Ehud's Dagger: Class Struggle in the English Revolution
James Holstun: Verso: 2000
One of our visiting academics said this book was 'hard but good', so I took up the challenge and read it. The reason it is 'hard', is mainly because of the first few chapters, which launch into the sometimes vicious debate between historical revisionists (who basically think history is made by powerful individuals/institutions, we are of course unimportant), the post-modernists (who think it is so complex and non-linear it is hard to say anything so they get obsessed with making minor details the centre of their theories), and the Marxists/social historians (who come from varying shades of 'the history of all previous societies has been the history of class struggles'). Holstun fights his 'class struggle' position well and backs it all up with searing (and sometimes funny) critiques of his academic opponents. The second part of the book looks at some key radical groups (the agitators in the New Model Army and the Diggers) and figures (Anna Trapnel, Edward Sexby and John Felton) in the English Revolution. There is some seriously interesting stuff here, though Holstun's background as an expert in English literature can make the text a cross between flowery and difficult. There are two absolute gems I must mention. The first chapter which tells of Cornet Joyce, the representative of the New Model Army who seized Charles I for the revolutionaries and effectively led him to his execution and Holstun's veiled call for the assassination of Henry Kissinger, which is not something you might expect to see in an academic text! (BRHG)

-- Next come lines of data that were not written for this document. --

lemma k_Lambda_eq_moments:
  fixes X :: "rv_idx \<Rightarrow> 'a \<Rightarrow> real" and \<eta> :: real and N :: nat
  assumes "prob_space M" and indep: "prob_space.indep_vars M (\<lambda>_. borel) X UNIV"
    and U: "has_moments M (X U) \<mu>\<^sub>u s\<^sub>u" and F: "has_moments M (X Fi) \<mu>\<^sub>f s\<^sub>f"
    and G: "\<forall>n\<ge>1. has_moments M (X (Gi n)) \<mu>\<^sub>g s\<^sub>g"
    and H: "\<forall>n\<ge>1. has_moments M (X (Hi n)) \<mu>\<^sub>h s\<^sub>h"
  defines "A \<equiv> \<mu>\<^sub>f + N * (\<eta> * \<mu>\<^sub>g * \<mu>\<^sub>h)"
    and "V \<equiv> s\<^sub>f - \<mu>\<^sub>f\<^sup>2 + N * (\<eta>\<^sup>2 * s\<^sub>g * s\<^sub>h - (\<eta> * \<mu>\<^sub>g * \<mu>\<^sub>h)\<^sup>2)"
  shows "k_Lambda M X \<eta> N = (\<mu>\<^sub>u * A)\<^sup>2 / (s\<^sub>u * (A\<^sup>2 + V) - (\<mu>\<^sub>u * A)\<^sup>2)"
proof -
  interpret prob_space M by fact
  define T where "T j \<omega> = Lambda_term \<eta> j (\<lambda>i. X i \<omega>)" for j \<omega>
  define S where "S \<omega> = (\<Sum>j\<in>Some ` {0..N}. T j \<omega>)" for \<omega>
  have indep_T: "indep_vars (\<lambda>_. borel) T UNIV"
    unfolding T_def by (rule indep_vars_Lambda_term[OF indep])
  define \<mu> where "\<mu> j = (if j = Some (0::nat) then \<mu>\<^sub>f else \<eta> * \<mu>\<^sub>g * \<mu>\<^sub>h)" for j
  define s where "s j = (if j = Some (0::nat) then s\<^sub>f else \<eta>\<^sup>2 * s\<^sub>g * s\<^sub>h)" for j
  have T_moments: "has_moments M (T (Some n)) (\<mu> (Some n)) (s (Some n))" for n
  proof (cases "n = 0")
    case False
    then have "has_moments M (\<lambda>\<omega>. \<eta> * (X (Gi n) \<omega> * X (Hi n) \<omega>)) (\<eta> * (\<mu>\<^sub>g * \<mu>\<^sub>h)) (\<eta>\<^sup>2 * (s\<^sub>g * s\<^sub>h))"
      using G H by (intro has_moments_scale has_moments_mult_indep indep_vars_imp_indep_var[OF indep]) auto
    with False show ?thesis
      by (simp add: T_def[abs_def] Lambda_term_def \<mu>_def s_def mult_ac)
  qed (simp add: T_def[abs_def] Lambda_term_def \<mu>_def s_def F)
  have "has_moments M S (\<Sum>j\<in>Some ` {0..N}. \<mu> j)
      ((\<Sum>j\<in>Some ` {0..N}. \<mu> j)\<^sup>2 + (\<Sum>j\<in>Some ` {0..N}. s j - (\<mu> j)\<^sup>2))"
    unfolding S_def using T_moments by (intro has_moments_sum_indep indep_vars_subset[OF indep_T]) auto
  moreover have "(\<Sum>j\<in>Some ` {0..N}. \<mu> j) = A" "(\<Sum>j\<in>Some ` {0..N}. s j - (\<mu> j)\<^sup>2) = V"
    by (simp_all add: \<mu>_def s_def A_def V_def sum.reindex sum.atLeast_Suc_atMost)
  ultimately have "has_moments M S A (A\<^sup>2 + V)"
    by simp
  moreover have "indep_var borel (T None) borel S"
    unfolding S_def by (intro indep_vars_sum indep_vars_subset[OF indep_T]) auto
  moreover have "T None = X U"
    by (simp add: fun_eq_iff T_def Lambda_term_def)
  ultimately have "has_moments M (\<lambda>\<omega>. T None \<omega> * S \<omega>) (\<mu>\<^sub>u * A) (s\<^sub>u * (A\<^sup>2 + V))"
    using U by (simp add: has_moments_mult_indep)
  moreover have "Lambda X \<eta> N = (\<lambda>\<omega>. T None \<omega> * S \<omega>)"
    by (simp add: fun_eq_iff Lambda_eq_Lambda_term T_def S_def sum.reindex)
  ultimately have Lambda_moments: "has_moments M (Lambda X \<eta> N) (\<mu>\<^sub>u * A) (s\<^sub>u * (A\<^sup>2 + V))"
    by simp
  show ?thesis
    unfolding k_Lambda_def variance_eq_has_moments[OF Lambda_moments]
    using Lambda_moments by (simp add: has_moments_def)
qed

lemma tendsto_linear_div_square_linear:
  fixes a c v d :: real
  assumes a: "0 < a"
  shows "(\<lambda>N. (v + N * d) / (c + N * a)\<^sup>2) \<longlonglongrightarrow> 0"
proof -
  have "(\<lambda>N. inverse (real N) * ((v / N + d) / (c / N + a)\<^sup>2)) \<longlonglongrightarrow> 0 * ((0 + d) / (0 + a)\<^sup>2)"
    using a by (intro tendsto_intros lim_inverse_n lim_const_over_n) auto
  moreover have "inverse (real N) * ((v / N + d) / (c / N + a)\<^sup>2) = (v + N * d) / (c + N * a)\<^sup>2"
    if "1 \<le> N" for N
  proof -
    have alg: "inverse n * ((x / n) / (y / n)\<^sup>2) = x / y\<^sup>2" if "n \<noteq> 0" for n x y :: real
      using that by (cases "y = 0") (simp_all add: field_simps power2_eq_square)
    have "v / N + d = (v + N * d) / N" "c / N + a = (c + N * a) / N"
      using that by (simp_all add: field_simps)
    then show ?thesis
      using that alg[of N] by simp
  qed
  ultimately show ?thesis
    by (auto intro: Lim_transform_eventually eventually_sequentiallyI)
qed

lemma tendsto_square_ratio_linear:
  fixes \<mu> s a c v d :: real
  assumes a: "0 < a" and s: "\<mu>\<^sup>2 \<noteq> s"
  shows "(\<lambda>N. (\<mu> * (c + N * a))\<^sup>2 / (s * ((c + N * a)\<^sup>2 + (v + N * d)) - (\<mu> * (c + N * a))\<^sup>2))
           \<longlonglongrightarrow> \<mu>\<^sup>2 / (s - \<mu>\<^sup>2)"
proof -
  define r where "r N = (v + N * d) / (c + N * a)\<^sup>2" for N :: nat
  have "(\<lambda>N. \<mu>\<^sup>2 / (s * (1 + r N) - \<mu>\<^sup>2)) \<longlonglongrightarrow> \<mu>\<^sup>2 / (s * (1 + 0) - \<mu>\<^sup>2)"
    unfolding r_def using a s by (intro tendsto_intros tendsto_linear_div_square_linear) auto
  moreover obtain N\<^sub>0 :: nat where "\<bar>c\<bar> / a < N\<^sub>0"
    using reals_Archimedean2 by blast
  have "\<mu>\<^sup>2 / (s * (1 + r N) - \<mu>\<^sup>2) =
      (\<mu> * (c + N * a))\<^sup>2 / (s * ((c + N * a)\<^sup>2 + (v + N * d)) - (\<mu> * (c + N * a))\<^sup>2)"
    if "N\<^sub>0 \<le> N" for N
  proof -
    have "\<bar>c\<bar> < N\<^sub>0 * a"
      using \<open>\<bar>c\<bar> / a < N\<^sub>0\<close> a by (simp add: divide_less_eq)
    also have "\<dots> \<le> N * a"
      using that a by (intro mult_right_mono) simp_all
    finally have "\<bar>c\<bar> < N * a" .
    then have "c + N * a \<noteq> 0"
      by linarith
    moreover have "\<mu>\<^sup>2 / (s * (1 + w / A\<^sup>2) - \<mu>\<^sup>2) = (\<mu> * A)\<^sup>2 / (s * (A\<^sup>2 + w) - (\<mu> * A)\<^sup>2)"
      if "A \<noteq> 0" for A w
    proof -
      have "s * (1 + w / A\<^sup>2) - \<mu>\<^sup>2 = (s * (A\<^sup>2 + w) - (\<mu> * A)\<^sup>2) / A\<^sup>2"
        using that by (simp add: field_simps power_mult_distrib)
      then show ?thesis
        using that by (simp add: power_mult_distrib)
    qed
    ultimately show ?thesis
      unfolding r_def by blast
  qed
  ultimately show ?thesis
    by (auto intro: Lim_transform_eventually eventually_sequentiallyI)
qed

Late Victorian Holocausts: El Niño Famines and the Making of The Third World
Mike Davis: Verso: 2001
This book is an interesting and necessary cross discipline (historical, economic and meteorological) explanation of the horrific famines in China, India and Brazil at the end of the 19th century. Starting from the premise that revisionist and even Marxist historians (Hobsbawm gives them one line in his famous trilogy) have ignored these massive events or failed to link them across these disciplines, he goes on to explain how the dogmatic free market approach of the British ruling class married with the effects of the cyclical El Niño climate changes caused the deaths of tens of millions in their colonies. Much has been made recently by historians of the famines in the Soviet Union and Maoist China in their transition from feudal to state capitalist regimes. Davis challenges those same historians to face up to the horrors of free market capitalism unleashed on feudal economic systems and asks them why they have been so silent. This is highly relevant in the current age of neo-liberal economic ideology. Perhaps most shocking is the indifference of the British officials to the holocaust they were unleashing. They watched centuries old societies collapse into chaos and cannibalism as they cruelly continued to impose their economic systems and exported desperately needed food to other markets (BRHG).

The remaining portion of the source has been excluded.